(Collected data)
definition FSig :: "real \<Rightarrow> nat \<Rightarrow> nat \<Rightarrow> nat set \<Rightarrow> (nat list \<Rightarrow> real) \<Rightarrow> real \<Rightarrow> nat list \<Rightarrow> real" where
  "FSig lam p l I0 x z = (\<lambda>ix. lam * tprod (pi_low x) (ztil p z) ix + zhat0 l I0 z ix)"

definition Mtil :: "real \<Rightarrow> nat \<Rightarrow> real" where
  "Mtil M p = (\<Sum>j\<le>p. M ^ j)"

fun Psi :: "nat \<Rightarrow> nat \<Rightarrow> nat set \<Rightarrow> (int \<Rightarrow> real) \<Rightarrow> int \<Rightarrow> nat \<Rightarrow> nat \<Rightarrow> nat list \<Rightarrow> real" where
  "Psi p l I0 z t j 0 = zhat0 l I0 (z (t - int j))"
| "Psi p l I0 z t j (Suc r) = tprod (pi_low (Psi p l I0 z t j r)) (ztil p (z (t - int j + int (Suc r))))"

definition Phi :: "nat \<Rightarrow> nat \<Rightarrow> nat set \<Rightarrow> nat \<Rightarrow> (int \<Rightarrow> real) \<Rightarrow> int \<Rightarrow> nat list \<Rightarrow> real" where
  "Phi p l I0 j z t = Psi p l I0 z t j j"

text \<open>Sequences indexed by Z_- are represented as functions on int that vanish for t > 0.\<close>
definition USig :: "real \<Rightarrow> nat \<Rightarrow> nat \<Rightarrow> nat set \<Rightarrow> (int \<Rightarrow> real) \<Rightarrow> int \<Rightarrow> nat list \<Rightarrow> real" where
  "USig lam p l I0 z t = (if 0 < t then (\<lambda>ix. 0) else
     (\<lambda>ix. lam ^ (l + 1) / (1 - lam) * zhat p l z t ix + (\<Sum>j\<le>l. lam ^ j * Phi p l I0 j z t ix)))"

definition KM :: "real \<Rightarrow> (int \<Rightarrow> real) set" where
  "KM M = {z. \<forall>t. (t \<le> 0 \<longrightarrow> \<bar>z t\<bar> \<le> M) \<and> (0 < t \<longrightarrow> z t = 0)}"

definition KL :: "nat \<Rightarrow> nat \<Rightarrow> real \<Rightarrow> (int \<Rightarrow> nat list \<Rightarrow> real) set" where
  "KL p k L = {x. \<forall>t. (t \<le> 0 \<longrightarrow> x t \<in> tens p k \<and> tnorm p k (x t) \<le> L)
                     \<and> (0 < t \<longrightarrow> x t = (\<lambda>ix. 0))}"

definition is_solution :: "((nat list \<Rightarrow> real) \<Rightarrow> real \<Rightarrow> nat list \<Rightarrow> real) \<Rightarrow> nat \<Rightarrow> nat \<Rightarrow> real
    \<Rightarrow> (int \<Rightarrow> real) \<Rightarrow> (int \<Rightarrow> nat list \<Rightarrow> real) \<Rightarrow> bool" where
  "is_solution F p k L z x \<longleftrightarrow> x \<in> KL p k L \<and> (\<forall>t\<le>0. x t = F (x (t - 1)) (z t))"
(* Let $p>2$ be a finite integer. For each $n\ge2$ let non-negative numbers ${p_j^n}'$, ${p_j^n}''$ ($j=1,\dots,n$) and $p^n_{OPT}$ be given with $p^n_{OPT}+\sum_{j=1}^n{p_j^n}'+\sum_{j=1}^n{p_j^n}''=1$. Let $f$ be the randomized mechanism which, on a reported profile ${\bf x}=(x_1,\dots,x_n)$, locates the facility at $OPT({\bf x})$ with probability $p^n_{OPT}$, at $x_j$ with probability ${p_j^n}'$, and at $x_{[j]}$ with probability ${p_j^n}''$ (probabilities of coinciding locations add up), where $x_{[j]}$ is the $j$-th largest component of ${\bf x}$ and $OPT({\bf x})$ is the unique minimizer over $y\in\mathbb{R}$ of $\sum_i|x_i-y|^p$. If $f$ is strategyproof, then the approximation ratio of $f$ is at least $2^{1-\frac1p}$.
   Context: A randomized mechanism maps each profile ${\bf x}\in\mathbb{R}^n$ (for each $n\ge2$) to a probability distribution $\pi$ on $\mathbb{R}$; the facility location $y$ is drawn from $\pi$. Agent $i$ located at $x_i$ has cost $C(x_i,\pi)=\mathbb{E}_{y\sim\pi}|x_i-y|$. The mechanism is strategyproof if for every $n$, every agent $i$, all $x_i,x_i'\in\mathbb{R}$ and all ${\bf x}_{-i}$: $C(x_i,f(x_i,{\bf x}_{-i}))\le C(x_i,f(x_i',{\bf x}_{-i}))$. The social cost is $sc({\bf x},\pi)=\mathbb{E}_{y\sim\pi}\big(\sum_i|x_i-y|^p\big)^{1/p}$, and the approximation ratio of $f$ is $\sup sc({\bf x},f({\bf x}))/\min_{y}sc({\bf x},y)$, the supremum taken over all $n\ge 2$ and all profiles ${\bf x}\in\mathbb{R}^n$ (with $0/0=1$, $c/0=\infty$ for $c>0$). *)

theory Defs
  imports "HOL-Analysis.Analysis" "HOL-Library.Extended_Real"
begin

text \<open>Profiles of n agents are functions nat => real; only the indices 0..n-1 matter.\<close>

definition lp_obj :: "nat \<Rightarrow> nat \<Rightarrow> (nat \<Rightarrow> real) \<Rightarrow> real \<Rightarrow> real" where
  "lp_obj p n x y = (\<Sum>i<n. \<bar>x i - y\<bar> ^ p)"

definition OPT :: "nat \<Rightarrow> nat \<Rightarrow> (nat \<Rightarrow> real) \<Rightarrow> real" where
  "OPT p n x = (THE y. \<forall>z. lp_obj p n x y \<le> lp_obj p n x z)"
--
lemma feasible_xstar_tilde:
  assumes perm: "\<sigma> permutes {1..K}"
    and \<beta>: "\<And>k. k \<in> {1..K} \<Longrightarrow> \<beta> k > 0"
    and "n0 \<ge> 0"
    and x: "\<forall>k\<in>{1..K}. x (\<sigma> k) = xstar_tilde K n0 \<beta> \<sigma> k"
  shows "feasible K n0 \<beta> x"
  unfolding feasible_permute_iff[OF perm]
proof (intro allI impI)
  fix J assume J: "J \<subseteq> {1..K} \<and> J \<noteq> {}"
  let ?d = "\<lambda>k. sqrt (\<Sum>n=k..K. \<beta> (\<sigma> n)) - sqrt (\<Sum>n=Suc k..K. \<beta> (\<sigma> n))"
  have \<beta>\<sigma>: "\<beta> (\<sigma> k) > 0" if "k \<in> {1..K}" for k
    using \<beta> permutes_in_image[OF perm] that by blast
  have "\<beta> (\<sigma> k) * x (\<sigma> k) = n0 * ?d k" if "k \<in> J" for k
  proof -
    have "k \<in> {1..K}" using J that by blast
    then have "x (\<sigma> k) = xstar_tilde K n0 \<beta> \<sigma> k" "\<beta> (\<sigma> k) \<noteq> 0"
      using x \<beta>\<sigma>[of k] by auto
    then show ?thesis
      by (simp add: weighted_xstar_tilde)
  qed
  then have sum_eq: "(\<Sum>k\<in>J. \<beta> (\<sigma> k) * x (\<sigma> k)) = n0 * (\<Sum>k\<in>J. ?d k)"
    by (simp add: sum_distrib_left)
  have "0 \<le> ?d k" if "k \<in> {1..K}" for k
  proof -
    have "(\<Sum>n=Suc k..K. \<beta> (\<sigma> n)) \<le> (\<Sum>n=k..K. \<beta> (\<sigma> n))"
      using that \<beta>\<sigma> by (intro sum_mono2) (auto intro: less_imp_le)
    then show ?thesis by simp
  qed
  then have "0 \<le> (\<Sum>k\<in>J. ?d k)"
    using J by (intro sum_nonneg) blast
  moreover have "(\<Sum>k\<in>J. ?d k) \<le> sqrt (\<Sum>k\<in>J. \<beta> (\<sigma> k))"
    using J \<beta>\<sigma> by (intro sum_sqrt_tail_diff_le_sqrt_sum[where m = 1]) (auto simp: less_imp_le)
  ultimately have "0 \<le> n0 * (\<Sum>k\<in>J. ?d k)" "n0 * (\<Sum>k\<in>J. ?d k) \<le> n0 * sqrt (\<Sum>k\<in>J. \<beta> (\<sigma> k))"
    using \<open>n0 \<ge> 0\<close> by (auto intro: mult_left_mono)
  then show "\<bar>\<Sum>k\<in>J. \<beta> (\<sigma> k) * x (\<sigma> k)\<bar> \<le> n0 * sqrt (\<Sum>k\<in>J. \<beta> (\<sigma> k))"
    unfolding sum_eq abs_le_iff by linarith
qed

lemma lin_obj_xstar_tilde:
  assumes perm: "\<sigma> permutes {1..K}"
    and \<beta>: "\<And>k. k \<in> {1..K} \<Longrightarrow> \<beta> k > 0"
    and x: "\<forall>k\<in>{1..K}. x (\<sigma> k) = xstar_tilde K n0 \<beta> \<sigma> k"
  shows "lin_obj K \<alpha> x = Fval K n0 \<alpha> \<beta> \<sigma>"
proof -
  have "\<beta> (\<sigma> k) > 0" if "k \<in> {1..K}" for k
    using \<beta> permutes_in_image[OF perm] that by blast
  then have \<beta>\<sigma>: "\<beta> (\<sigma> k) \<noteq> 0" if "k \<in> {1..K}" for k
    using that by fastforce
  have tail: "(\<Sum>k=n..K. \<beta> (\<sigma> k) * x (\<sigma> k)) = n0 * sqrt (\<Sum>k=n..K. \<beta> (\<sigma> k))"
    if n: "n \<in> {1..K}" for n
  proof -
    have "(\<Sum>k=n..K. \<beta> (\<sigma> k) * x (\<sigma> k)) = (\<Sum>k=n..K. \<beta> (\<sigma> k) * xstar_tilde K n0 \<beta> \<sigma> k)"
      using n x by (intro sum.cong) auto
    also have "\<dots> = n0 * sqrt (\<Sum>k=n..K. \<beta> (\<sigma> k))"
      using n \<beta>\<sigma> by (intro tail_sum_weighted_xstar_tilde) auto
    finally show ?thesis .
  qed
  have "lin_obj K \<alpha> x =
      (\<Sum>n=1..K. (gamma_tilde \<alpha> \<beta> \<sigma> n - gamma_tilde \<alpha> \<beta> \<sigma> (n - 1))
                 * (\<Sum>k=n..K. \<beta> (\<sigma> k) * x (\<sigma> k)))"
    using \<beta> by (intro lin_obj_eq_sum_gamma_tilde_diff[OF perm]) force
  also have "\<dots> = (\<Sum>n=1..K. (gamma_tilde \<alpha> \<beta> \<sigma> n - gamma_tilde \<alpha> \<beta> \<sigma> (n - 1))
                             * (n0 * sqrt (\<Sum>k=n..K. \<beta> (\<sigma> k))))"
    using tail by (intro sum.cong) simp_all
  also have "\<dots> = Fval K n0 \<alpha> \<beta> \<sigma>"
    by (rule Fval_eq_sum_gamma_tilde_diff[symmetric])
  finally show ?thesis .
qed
---
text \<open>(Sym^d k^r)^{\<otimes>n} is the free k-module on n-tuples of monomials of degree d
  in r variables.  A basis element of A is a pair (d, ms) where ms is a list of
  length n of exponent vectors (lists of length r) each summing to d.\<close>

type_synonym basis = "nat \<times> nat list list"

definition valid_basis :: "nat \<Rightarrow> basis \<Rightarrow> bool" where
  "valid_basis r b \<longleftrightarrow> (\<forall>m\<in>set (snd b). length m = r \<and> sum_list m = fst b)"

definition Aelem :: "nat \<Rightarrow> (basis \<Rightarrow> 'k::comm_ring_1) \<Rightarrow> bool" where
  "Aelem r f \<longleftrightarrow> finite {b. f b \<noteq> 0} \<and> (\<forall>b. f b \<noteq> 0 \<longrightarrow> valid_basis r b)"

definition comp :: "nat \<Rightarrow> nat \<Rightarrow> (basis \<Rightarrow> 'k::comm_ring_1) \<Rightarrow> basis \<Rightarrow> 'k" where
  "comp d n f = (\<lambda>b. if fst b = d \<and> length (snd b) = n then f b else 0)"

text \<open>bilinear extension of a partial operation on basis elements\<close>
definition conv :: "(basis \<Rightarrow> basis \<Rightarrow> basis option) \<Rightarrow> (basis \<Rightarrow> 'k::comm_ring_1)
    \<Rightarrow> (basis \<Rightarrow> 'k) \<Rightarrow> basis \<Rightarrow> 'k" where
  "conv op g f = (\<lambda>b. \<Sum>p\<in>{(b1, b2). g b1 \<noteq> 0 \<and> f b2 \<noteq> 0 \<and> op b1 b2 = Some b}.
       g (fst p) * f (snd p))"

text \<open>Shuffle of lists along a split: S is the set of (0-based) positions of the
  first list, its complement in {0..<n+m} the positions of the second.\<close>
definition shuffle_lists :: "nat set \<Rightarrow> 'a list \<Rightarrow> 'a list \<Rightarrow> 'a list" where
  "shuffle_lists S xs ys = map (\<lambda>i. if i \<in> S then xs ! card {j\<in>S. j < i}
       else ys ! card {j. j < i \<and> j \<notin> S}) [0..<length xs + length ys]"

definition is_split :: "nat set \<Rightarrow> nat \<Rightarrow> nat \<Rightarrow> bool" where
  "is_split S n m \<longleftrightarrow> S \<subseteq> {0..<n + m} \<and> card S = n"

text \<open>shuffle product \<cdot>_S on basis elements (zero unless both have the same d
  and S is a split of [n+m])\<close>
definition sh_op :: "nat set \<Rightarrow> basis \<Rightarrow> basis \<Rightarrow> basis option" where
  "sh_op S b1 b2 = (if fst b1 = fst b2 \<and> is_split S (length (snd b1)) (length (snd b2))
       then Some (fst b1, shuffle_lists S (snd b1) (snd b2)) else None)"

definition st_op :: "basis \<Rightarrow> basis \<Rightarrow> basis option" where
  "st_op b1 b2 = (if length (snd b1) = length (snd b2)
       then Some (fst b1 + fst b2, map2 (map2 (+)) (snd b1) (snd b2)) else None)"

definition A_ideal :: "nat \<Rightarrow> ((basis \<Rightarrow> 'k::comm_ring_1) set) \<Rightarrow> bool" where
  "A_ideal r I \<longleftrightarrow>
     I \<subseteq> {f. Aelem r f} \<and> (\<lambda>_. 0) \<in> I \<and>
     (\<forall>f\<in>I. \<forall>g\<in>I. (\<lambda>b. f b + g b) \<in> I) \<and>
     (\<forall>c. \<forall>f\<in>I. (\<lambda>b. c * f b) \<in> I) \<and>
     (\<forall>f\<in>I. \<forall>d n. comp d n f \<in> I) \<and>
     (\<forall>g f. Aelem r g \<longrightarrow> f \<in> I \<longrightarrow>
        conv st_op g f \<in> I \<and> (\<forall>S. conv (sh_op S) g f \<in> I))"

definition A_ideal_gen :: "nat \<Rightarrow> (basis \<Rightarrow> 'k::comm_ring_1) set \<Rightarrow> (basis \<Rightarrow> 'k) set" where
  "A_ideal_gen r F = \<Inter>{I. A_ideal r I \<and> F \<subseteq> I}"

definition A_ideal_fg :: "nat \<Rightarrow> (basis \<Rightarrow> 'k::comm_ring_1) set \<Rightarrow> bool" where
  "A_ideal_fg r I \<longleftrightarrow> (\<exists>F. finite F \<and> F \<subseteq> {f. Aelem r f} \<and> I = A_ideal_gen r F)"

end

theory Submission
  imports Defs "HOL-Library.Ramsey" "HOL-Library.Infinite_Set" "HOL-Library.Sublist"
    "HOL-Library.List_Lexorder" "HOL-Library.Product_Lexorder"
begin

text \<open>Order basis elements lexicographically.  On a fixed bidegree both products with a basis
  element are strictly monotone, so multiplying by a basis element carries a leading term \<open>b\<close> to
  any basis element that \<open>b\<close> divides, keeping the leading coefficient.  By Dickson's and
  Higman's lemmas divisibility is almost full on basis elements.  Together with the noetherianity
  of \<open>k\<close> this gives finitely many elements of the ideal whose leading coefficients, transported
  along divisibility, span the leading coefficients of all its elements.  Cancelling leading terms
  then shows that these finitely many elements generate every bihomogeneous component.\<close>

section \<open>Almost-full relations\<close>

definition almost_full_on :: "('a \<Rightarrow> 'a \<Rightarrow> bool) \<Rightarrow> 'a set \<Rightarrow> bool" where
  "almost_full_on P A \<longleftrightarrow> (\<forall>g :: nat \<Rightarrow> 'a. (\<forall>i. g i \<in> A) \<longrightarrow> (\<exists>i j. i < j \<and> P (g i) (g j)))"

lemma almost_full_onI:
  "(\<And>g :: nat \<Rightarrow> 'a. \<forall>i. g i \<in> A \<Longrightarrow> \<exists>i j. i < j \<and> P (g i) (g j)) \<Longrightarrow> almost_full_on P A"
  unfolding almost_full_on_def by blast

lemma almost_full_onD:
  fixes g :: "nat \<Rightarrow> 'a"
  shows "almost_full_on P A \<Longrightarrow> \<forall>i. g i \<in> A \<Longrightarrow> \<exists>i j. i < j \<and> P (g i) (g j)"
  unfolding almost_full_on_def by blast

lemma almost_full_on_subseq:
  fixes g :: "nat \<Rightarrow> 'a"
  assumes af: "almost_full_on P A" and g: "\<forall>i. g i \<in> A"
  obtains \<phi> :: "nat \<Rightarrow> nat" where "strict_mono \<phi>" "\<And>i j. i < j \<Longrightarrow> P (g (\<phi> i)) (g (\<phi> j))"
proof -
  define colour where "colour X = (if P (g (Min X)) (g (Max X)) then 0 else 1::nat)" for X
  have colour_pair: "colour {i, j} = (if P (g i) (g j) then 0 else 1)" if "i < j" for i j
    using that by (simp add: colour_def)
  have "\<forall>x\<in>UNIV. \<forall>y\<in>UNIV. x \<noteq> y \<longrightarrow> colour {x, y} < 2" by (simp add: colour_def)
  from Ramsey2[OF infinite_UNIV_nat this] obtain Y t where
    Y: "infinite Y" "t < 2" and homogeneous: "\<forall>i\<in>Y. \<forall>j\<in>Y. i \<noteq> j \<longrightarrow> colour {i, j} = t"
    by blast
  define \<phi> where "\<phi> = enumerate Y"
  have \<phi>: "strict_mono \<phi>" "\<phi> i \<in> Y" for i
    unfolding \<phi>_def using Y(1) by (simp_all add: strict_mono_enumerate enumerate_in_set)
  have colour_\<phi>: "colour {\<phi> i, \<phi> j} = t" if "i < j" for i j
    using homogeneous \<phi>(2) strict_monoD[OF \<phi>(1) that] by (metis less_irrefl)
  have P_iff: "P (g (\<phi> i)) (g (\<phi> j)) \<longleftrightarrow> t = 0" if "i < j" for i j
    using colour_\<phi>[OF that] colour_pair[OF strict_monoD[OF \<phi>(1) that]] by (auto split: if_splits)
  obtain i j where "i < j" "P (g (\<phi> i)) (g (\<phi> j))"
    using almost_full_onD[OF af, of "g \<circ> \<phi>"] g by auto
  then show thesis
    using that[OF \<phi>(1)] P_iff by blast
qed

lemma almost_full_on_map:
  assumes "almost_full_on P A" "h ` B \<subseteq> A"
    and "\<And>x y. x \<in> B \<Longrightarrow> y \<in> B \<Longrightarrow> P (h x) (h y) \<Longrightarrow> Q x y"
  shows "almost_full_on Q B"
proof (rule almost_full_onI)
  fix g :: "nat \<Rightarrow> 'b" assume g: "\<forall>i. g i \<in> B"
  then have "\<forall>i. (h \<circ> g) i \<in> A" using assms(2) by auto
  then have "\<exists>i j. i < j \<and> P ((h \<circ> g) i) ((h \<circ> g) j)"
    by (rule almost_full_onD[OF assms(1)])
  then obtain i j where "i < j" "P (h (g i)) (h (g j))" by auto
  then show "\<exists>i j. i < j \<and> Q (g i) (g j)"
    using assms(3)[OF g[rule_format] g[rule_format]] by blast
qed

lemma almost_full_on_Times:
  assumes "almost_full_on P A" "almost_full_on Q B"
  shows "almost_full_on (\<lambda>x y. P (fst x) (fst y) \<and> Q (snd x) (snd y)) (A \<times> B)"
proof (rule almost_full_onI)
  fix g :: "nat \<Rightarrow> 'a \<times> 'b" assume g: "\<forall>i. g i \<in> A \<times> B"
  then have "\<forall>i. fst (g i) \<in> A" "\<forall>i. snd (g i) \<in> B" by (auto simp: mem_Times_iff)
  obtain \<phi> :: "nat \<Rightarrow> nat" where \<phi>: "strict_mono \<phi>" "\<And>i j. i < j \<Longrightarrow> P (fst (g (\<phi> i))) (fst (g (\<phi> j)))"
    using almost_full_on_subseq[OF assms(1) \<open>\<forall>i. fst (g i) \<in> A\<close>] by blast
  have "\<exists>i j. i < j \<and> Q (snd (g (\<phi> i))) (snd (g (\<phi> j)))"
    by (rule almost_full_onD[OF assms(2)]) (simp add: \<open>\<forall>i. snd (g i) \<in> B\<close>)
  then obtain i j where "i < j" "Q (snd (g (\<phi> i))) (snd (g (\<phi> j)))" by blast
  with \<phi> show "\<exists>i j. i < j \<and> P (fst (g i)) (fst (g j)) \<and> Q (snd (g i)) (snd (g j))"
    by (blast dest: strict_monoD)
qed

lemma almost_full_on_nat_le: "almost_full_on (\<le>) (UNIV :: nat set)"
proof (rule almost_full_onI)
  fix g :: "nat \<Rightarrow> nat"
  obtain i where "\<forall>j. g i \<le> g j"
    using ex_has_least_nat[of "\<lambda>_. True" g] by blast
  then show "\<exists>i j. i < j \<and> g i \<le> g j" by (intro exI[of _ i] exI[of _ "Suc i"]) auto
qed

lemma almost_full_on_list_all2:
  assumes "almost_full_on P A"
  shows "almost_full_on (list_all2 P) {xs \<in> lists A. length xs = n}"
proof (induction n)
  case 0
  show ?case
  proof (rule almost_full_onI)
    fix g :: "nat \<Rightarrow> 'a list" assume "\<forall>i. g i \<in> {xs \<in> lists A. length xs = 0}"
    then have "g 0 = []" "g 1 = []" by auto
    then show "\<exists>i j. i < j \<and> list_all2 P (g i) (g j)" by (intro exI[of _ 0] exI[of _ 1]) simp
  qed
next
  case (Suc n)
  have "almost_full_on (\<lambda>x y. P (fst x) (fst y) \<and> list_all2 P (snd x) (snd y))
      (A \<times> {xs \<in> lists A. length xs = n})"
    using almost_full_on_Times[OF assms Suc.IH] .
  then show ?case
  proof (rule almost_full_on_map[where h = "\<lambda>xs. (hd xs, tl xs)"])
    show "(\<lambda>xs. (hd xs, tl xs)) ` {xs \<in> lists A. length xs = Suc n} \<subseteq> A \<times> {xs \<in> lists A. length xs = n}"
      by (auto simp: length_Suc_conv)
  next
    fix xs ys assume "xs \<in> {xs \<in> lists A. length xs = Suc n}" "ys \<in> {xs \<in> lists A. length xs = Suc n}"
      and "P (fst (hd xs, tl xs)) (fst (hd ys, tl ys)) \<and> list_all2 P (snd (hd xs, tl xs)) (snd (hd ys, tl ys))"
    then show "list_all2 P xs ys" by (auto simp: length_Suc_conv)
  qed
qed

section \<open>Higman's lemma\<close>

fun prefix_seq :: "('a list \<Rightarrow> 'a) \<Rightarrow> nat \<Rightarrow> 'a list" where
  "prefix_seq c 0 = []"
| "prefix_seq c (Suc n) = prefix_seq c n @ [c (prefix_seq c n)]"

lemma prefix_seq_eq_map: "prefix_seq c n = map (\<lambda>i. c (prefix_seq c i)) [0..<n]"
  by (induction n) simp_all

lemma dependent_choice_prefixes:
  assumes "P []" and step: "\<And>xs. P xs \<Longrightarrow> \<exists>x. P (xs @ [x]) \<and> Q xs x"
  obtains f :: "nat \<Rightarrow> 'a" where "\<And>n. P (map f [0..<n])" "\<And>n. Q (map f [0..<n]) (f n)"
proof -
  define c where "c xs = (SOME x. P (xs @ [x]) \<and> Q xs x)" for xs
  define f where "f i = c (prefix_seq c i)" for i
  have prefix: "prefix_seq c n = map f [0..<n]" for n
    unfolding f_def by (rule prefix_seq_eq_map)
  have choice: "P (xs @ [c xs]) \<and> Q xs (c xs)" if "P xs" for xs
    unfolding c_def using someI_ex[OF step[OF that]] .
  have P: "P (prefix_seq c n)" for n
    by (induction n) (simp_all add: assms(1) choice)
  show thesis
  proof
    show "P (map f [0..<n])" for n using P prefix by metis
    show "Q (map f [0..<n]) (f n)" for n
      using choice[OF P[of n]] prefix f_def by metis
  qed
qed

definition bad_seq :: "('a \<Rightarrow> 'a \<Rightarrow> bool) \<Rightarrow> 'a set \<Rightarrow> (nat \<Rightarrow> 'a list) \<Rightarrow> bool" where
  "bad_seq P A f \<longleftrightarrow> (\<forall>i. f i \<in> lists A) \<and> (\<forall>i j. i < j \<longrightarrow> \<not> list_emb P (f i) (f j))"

TO DO - The lines above, starting at the one with "nat set \<Rightarrow> (nat" and ending at the one with "nat \<Rightarrow> real \<Rightarrow>", are the only ones to return, exactly as written.

ANSWER -
definition FSig :: "real \<Rightarrow> nat \<Rightarrow> nat \<Rightarrow> nat set \<Rightarrow> (nat list \<Rightarrow> real) \<Rightarrow> real \<Rightarrow> nat list \<Rightarrow> real" where
  "FSig lam p l I0 x z = (\<lambda>ix. lam * tprod (pi_low x) (ztil p z) ix + zhat0 l I0 z ix)"

definition Mtil :: "real \<Rightarrow> nat \<Rightarrow> real" where
  "Mtil M p = (\<Sum>j\<le>p. M ^ j)"

fun Psi :: "nat \<Rightarrow> nat \<Rightarrow> nat set \<Rightarrow> (int \<Rightarrow> real) \<Rightarrow> int \<Rightarrow> nat \<Rightarrow> nat \<Rightarrow> nat list \<Rightarrow> real" where
  "Psi p l I0 z t j 0 = zhat0 l I0 (z (t - int j))"
| "Psi p l I0 z t j (Suc r) = tprod (pi_low (Psi p l I0 z t j r)) (ztil p (z (t - int j + int (Suc r))))"

definition Phi :: "nat \<Rightarrow> nat \<Rightarrow> nat set \<Rightarrow> nat \<Rightarrow> (int \<Rightarrow> real) \<Rightarrow> int \<Rightarrow> nat list \<Rightarrow> real" where
  "Phi p l I0 j z t = Psi p l I0 z t j j"

text \<open>Sequences indexed by Z_- are represented as functions on int that vanish for t > 0.\<close>
definition USig :: "real \<Rightarrow> nat \<Rightarrow> nat \<Rightarrow> nat set \<Rightarrow> (int \<Rightarrow> real) \<Rightarrow> int \<Rightarrow> nat list \<Rightarrow> real" where
  "USig lam p l I0 z t = (if 0 < t then (\<lambda>ix. 0) else
     (\<lambda>ix. lam ^ (l + 1) / (1 - lam) * zhat p l z t ix + (\<Sum>j\<le>l. lam ^ j * Phi p l I0 j z t ix)))"

definition KM :: "real \<Rightarrow> (int \<Rightarrow> real) set" where
  "KM M = {z. \<forall>t. (t \<le> 0 \<longrightarrow> \<bar>z t\<bar> \<le> M) \<and> (0 < t \<longrightarrow> z t = 0)}"

definition KL :: "nat \<Rightarrow> nat \<Rightarrow> real \<Rightarrow> (int \<Rightarrow> nat list \<Rightarrow> real) set" where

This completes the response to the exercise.